Jimmie D. King was a certified personal trainer for 21 years and a group fitness instructor for 5 years. He is a certified sports nutritionist. He was a photojournalist for Female Bodybuilding Magazine and a manager/engineer for Pfizer Pharmaceutical, Avon Cosmetics, and Mobil Oil. Jim is also a successful athlete and has set the US national deadlift record (635 lb.) and has spent years as a player and coach for various sports. He was a 2017 IsaBody Challenge Finalist and Runner-Up. Lori Ann King is the author of Come Back Strong, Balanced Wellness After Surgical Menopause, and a two-time contributor to the Chicken Soup For the Soul series. She is the creator of the online bite-size course Balanced Wellness During Menopause. King has an undergraduate degree in Recreation from Western State College of Colorado and an advanced certificate in Information Management from Syracuse University. She was a 2019 IsaBody Challenge Finalist.
I. TRUTH
Not My Child
My relationship with my father was bad from the day I was born. That’s what my mother told me.
A very small percentage of African Americans are born with white skin. Over time, their skin pigment darkens. It can take weeks or months to reach its natural color. They go from a white baby at birth to a black baby within a few months.
Black eyes, black hair, and white skin; that’s how I was born in March 1952. Just like Alfalfa from Our Gang, my inch-long hair stuck straight up in the air, my skin brilliantly bleached, nothing like that of my parents.
My father, expecting a brown baby that looked like him, was in shock and disbelief. My mother worked at Fort Monmouth Army station where my father was stationed. She was surrounded by white scientists. My father took his first look at me and declared, “That’s not my child.”
He accused my mother of having an affair and left her, just days after I was born. By June, my pigment kicked in and I was brown and the spitting image of my father.
But it was too late, my father’s resentment toward me had begun.
Addie
It took my parents over two years to reconcile.
During that time, my mother went back to work, and I was raised by my grandmother, Adelaide. I called her Addie. She nurtured and cared for me, playing more of the role of mother in my life, than grandmother.
When I was four years old, my father got reassigned to Karlsruhe, Germany. Our family was moving close to 4,000 miles across the Atlantic Ocean. The plan was to go by boat.

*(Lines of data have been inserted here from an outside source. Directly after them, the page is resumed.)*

lemma funpow_fact_card_fixpoint:
  assumes "finite X" and f: "bij_betw f X X" and x: "x \<in> X"
  shows "(f ^^ fact (card X)) x = x"
proof -
  have orbit_in: "(f ^^ i) x \<in> X" for i
    using bij_betw_funpow[OF f, of i] x by (auto simp: bij_betw_def)
  have "\<not> inj_on (\<lambda>i. (f ^^ i) x) {0..card X}"
  proof
    assume "inj_on (\<lambda>i. (f ^^ i) x) {0..card X}"
    then have "card {0..card X} \<le> card X"
      using card_inj_on_le[of "\<lambda>i. (f ^^ i) x" "{0..card X}" X] \<open>finite X\<close> orbit_in by auto
    then show False by simp
  qed
  then obtain i j where ij: "i < j" "j \<le> card X" and eq: "(f ^^ i) x = (f ^^ j) x"
    unfolding inj_on_def by (metis atLeastAtMost_iff linorder_neqE_nat)
  have "(f ^^ i) ((f ^^ (j - i)) x) = (f ^^ i) x"
    using ij eq by (simp flip: funpow_add[unfolded comp_def, THEN fun_cong])
  moreover have "inj_on (f ^^ i) X"
    using bij_betw_funpow[OF f, of i] by (auto simp: bij_betw_def)
  ultimately have period: "(f ^^ (j - i)) x = x"
    using orbit_in x by (auto simp: inj_on_def)
  have "(f ^^ fact (card X)) x = (f ^^ (fact (card X) mod (j - i))) x"
    by (rule funpow_mod_eq[OF period, symmetric])
  also have "fact (card X) mod (j - i) = 0"
    using ij by (simp add: dvd_fact)
  finally show ?thesis
    by simp
qed

lemma exists_count_list_gt:
  assumes "finite C" and many: "card C * k < length (filter (\<lambda>x. x \<in> C) xs)"
  shows "\<exists>v\<in>C. k < count_list xs v"
proof (rule ccontr)
  assume "\<not> ?thesis"
  moreover have "count_list (filter (\<lambda>x. x \<in> C) xs) v = count_list xs v" if "v \<in> C" for v
    using that by (induction xs) auto
  ultimately have "(\<Sum>v\<in>C. count_list (filter (\<lambda>x. x \<in> C) xs) v) \<le> card C * k"
    using sum_bounded_above[of C _ k] by (simp add: not_less)
  moreover have "(\<Sum>v\<in>C. count_list (filter (\<lambda>x. x \<in> C) xs) v) = length (filter (\<lambda>x. x \<in> C) xs)"
    by (rule sum_count_set) (auto simp: \<open>finite C\<close>)
  ultimately show False
    using many by simp
qed

lemma equiv_rack_conn: "equiv X (rack_conn X op)"
proof -
  let ?S = "{(x, op x y) | x y. x \<in> X \<and> y \<in> X} \<union> {(op x y, x) | x y. x \<in> X \<and> y \<in> X}"
  have "sym (?S\<^sup>*)"
    by (rule sym_rtrancl) (auto simp: sym_def)
  then show ?thesis
    unfolding rack_conn_def
    by (intro equivI refl_onI symI transI) (auto dest: symD intro: rtrancl_trans)
qed

lemma component_mem_iff:
  assumes "C \<in> components X op" and "(x, y) \<in> rack_conn X op"
  shows "x \<in> C \<longleftrightarrow> y \<in> C"
  using assms equiv_rack_conn[of X op] unfolding components_def
  by (meson in_quotient_imp_closed equiv_def symD)

lemma component_of:
  assumes "w \<in> X"
  shows "rack_conn X op `` {w} \<in> components X op" and "w \<in> rack_conn X op `` {w}"
  using assms equiv_class_self[OF equiv_rack_conn] unfolding components_def
  by (auto intro: quotientI)

lemma rack_conn_subset: "rack_conn X op \<subseteq> X \<times> X"
  unfolding rack_conn_def by auto

lemma rack_conn_invariant:
  assumes inv: "\<forall>x\<in>X. \<forall>y\<in>X. x \<in> Z \<longleftrightarrow> op x y \<in> Z" and vw: "(v, w) \<in> rack_conn X op"
  shows "v \<in> Z \<longleftrightarrow> w \<in> Z"
proof -
  let ?S = "{(x, op x y) | x y. x \<in> X \<and> y \<in> X} \<union> {(op x y, x) | x y. x \<in> X \<and> y \<in> X}"
  have "(v, w) \<in> ?S\<^sup>*"
    using vw unfolding rack_conn_def by auto
  then show ?thesis
    by (induction rule: rtrancl_induct) (use inv in auto)
qed

lemma Cons_in_tuplesD:
  "w # ws \<in> tuples X op m \<Longrightarrow> ws \<in> tuples X op (\<lambda>C. if w \<in> C then m C - 1 else m C)"
  unfolding tuples_def by auto

lemma replicate_append_in_tuples_conn:
  assumes "(v, w) \<in> rack_conn X op" and "replicate k v @ rs \<in> tuples X op n"
  shows "replicate k w @ rs \<in> tuples X op n"
proof -
  have "w \<in> X"
    using assms(1) rack_conn_subset by blast
  moreover have "v \<in> C \<longleftrightarrow> w \<in> C" if "C \<in> components X op" for C
    using component_mem_iff[OF that assms(1)] .
  ultimately show ?thesis
    using assms(2) by (auto simp: tuples_def filter_replicate)
qed

lemma generates_mono: "generates X op xs \<Longrightarrow> set xs \<subseteq> set ys \<Longrightarrow> generates X op ys"
  unfolding generates_def by blast

locale rack_structure =
  fixes X :: "'a set" and op :: "'a \<Rightarrow> 'a \<Rightarrow> 'a"
  assumes rack: "rack X op"
begin

lemma op_closed: "x \<in> X \<Longrightarrow> y \<in> X \<Longrightarrow> op x y \<in> X"
  using rack unfolding rack_def by blast

lemma bij_betw_op_right: "y \<in> X \<Longrightarrow> bij_betw (\<lambda>x. op x y) X X"
  using rack unfolding rack_def by blast

lemma op_self_distrib:
  "x \<in> X \<Longrightarrow> y \<in> X \<Longrightarrow> z \<in> X \<Longrightarrow> op (op z x) y = op (op z y) (op x y)"
  using rack unfolding rack_def by blast

lemma rack_conn_op: "x \<in> X \<Longrightarrow> y \<in> X \<Longrightarrow> (x, op x y) \<in> rack_conn X op"
  unfolding rack_conn_def using op_closed by blast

It was 1953 and the movie Titanic was popular. The plot, centering around the sinking of a ship in 1912 was talked about for months. I must have overheard discussions of the sinking ship because the idea of traveling by boat terrified me. I didn’t want to go. I also didn’t want to leave Addie.
On the day of our departure, my father walked swiftly and confidently toward the boat with my mother following behind, attempting to corral me. Halfway up the gangplank, I passed out cold and had to be taken to the hospital where I did not wake up for four days.
We all missed the boat. Literally.
My father, still needing to report to base, took a flight to Germany by himself while my mother and I stayed behind, waiting for me to be declared safe and healthy enough to travel.
The military doctors prescribed Phenobarbital, an anti-seizure medicine, while my mother and grandmother spent days coaching me. “An airplane ride will be fun,” they said. “Think of it as a great adventure.” After four days, I was well enough to travel. My mother booked us a flight and we headed overseas to join my father.
It took me a while to settle into life in Germany. I missed Addie. It felt like I had been ripped from my mother’s arms to go live with strangers. Wanting to console me, my parents arranged a phone call back to the States.
In the 1950s, it took thirty minutes for the operator in Germany to connect with the operator in America and then make the connection between you and your desired party. I was five years old the first time we called Addie. My mother said “hello” and handed me the phone.
“Addie?” I said.
“Tip?” she replied, calling me by my nickname.
Instantaneously, we both fainted.
I passed out and had a seizure–like episode where I was unconscious and hospitalized for four days. My grandmother—almost 4,000 miles away—had a massive heart attack and almost died.
The Army doctors continued me on Phenobarbital while administering an electroencephalogram, or EEG, a test that detects abnormalities in brain waves and evaluates the electrical activity of the brain. It can be useful in diagnosing or ruling out brain conditions, especially epilepsy and other seizure disorders.
During the procedure, electrodes consisting of small metal discs with thin wires were pasted onto my scalp. Every time my father was mentioned, my brain waves showed a very rapid rate of activity.
The doctors discovered that I was afraid of my father. He was the cause of my extreme anxiety.
Chocolate Milkshake
The Army was so concerned with the results from the brain wave testing that they threatened to send my mother and me back to the States unless my father improved our relationship. His solution was for the two of us to attend the Berlin World’s Fair. Not wanting to make the seven-hour drive from Karlsruhe, Germany to Berlin alone, he recruited a friend who had a daughter my age.
These two military men indulged us in every way imaginable. We went on every ride and played games all day. Any treats we asked for we were given: cotton candy, taffy, ice cream, and an abundance of chocolate: chocolate bars, chocolate fudge, and multiple servings of chocolate ice cream.
On the final day of our trip, we were driving home in my father’s 1954 Mercury, his pride and joy. At this point, I had a crush on the little girl, and she and I sat in the back seat, staring out our side windows, occasionally stealing a glance and sharing a shy smile.
My smile faded, and my eyes grew as large as saucers when, suddenly, the young girl grabbed her stomach, hunched over at the waist, and started gagging like she was going to throw up. Her father, a young officer in his twenties, turned around and instructed her, “Don’t you dare throw up in this car!”
My father did his best to quickly steer to the side of the road as she continued retching, but before the car rolled to a stop, she leaned over and filled my lap with what looked like a chocolate milkshake.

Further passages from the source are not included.